(* Fix a contact vector $\mathsf V\in\mathbb Z^n$ and a stable weighted dual graph $\mathsf G$ of genus $g$ with $n$ legs, with moduli cone $\sigma_{\mathsf G}=\mathbb R_{\ge0}^{E(\mathsf G)}$. Then the closure of the set of points of $\sigma_{\mathsf G}$ that lie in $\mathsf{DR}_g(\mathsf V)^{\mathrm{trop}}_{\#}$ and have a fixed rubber combinatorial type is a simplicial cone.
   Context: A point $p$ in the interior of $\sigma_{\mathsf G}$ gives a tropical curve $\Gamma_p$ (metric realization of $\mathsf G$ with edge lengths from $p$ and infinite legs). A balanced function with slopes $\mathsf V$ on it is a continuous function to $\mathbb R$, linear with integer slope on edges, with outgoing slopes summing to $0$ at every vertex, and slope $\mathsf V_j$ along leg $j$; it is unique up to additive constant if it exists. $\mathsf{DR}_g(\mathsf V)^{\mathrm{trop}}_{\#}\subset\mathcal M^{\mathrm{trop}}_{g,n}$ is the closure of the locus of tropical curves admitting such a function. For such $p$ and function $F$: the target graph $T$ is the subdivision of $\mathbb R$ with vertices at images of vertices of $\Gamma_p$; the semistable source graph $\Gamma$ is obtained by subdividing $\Gamma_p$ at preimages of the vertices of $T$ (new vertices of genus $0$); the rubber combinatorial type is the data of $\Gamma$, $T$, the graph map $\Gamma\to T$, and the slopes on edges and legs of $\Gamma$. *)

theory Defs
  imports "HOL-Analysis.Analysis"
begin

════════════════════

__Instructions to follow__
All of the material above is to be repeated exactly.

__Answer box__
(* Fix a contact vector $\mathsf V\in\mathbb Z^n$ and a stable weighted dual graph $\mathsf G$ of genus $g$ with $n$ legs, with moduli cone $\sigma_{\mathsf G}=\mathbb R_{\ge0}^{E(\mathsf G)}$. Then the closure of the set of points of $\sigma_{\mathsf G}$ that lie in $\mathsf{DR}_g(\mathsf V)^{\mathrm{trop}}_{\#}$ and have a fixed rubber combinatorial type is a simplicial cone.
   Context: A point $p$ in the interior of $\sigma_{\mathsf G}$ gives a tropical curve $\Gamma_p$ (metric realization of $\mathsf G$ with edge lengths from $p$ and infinite legs). A balanced function with slopes $\mathsf V$ on it is a continuous function to $\mathbb R$, linear with integer slope on edges, with outgoing slopes summing to $0$ at every vertex, and slope $\mathsf V_j$ along leg $j$; it is unique up to additive constant if it exists. $\mathsf{DR}_g(\mathsf V)^{\mathrm{trop}}_{\#}\subset\mathcal M^{\mathrm{trop}}_{g,n}$ is the closure of the locus of tropical curves admitting such a function. For such $p$ and function $F$: the target graph $T$ is the subdivision of $\mathbb R$ with vertices at images of vertices of $\Gamma_p$; the semistable source graph $\Gamma$ is obtained by subdividing $\Gamma_p$ at preimages of the vertices of $T$ (new vertices of genus $0$); the rubber combinatorial type is the data of $\Gamma$, $T$, the graph map $\Gamma\to T$, and the slopes on edges and legs of $\Gamma$. *)

theory Defs
  imports "HOL-Analysis.Analysis"
begin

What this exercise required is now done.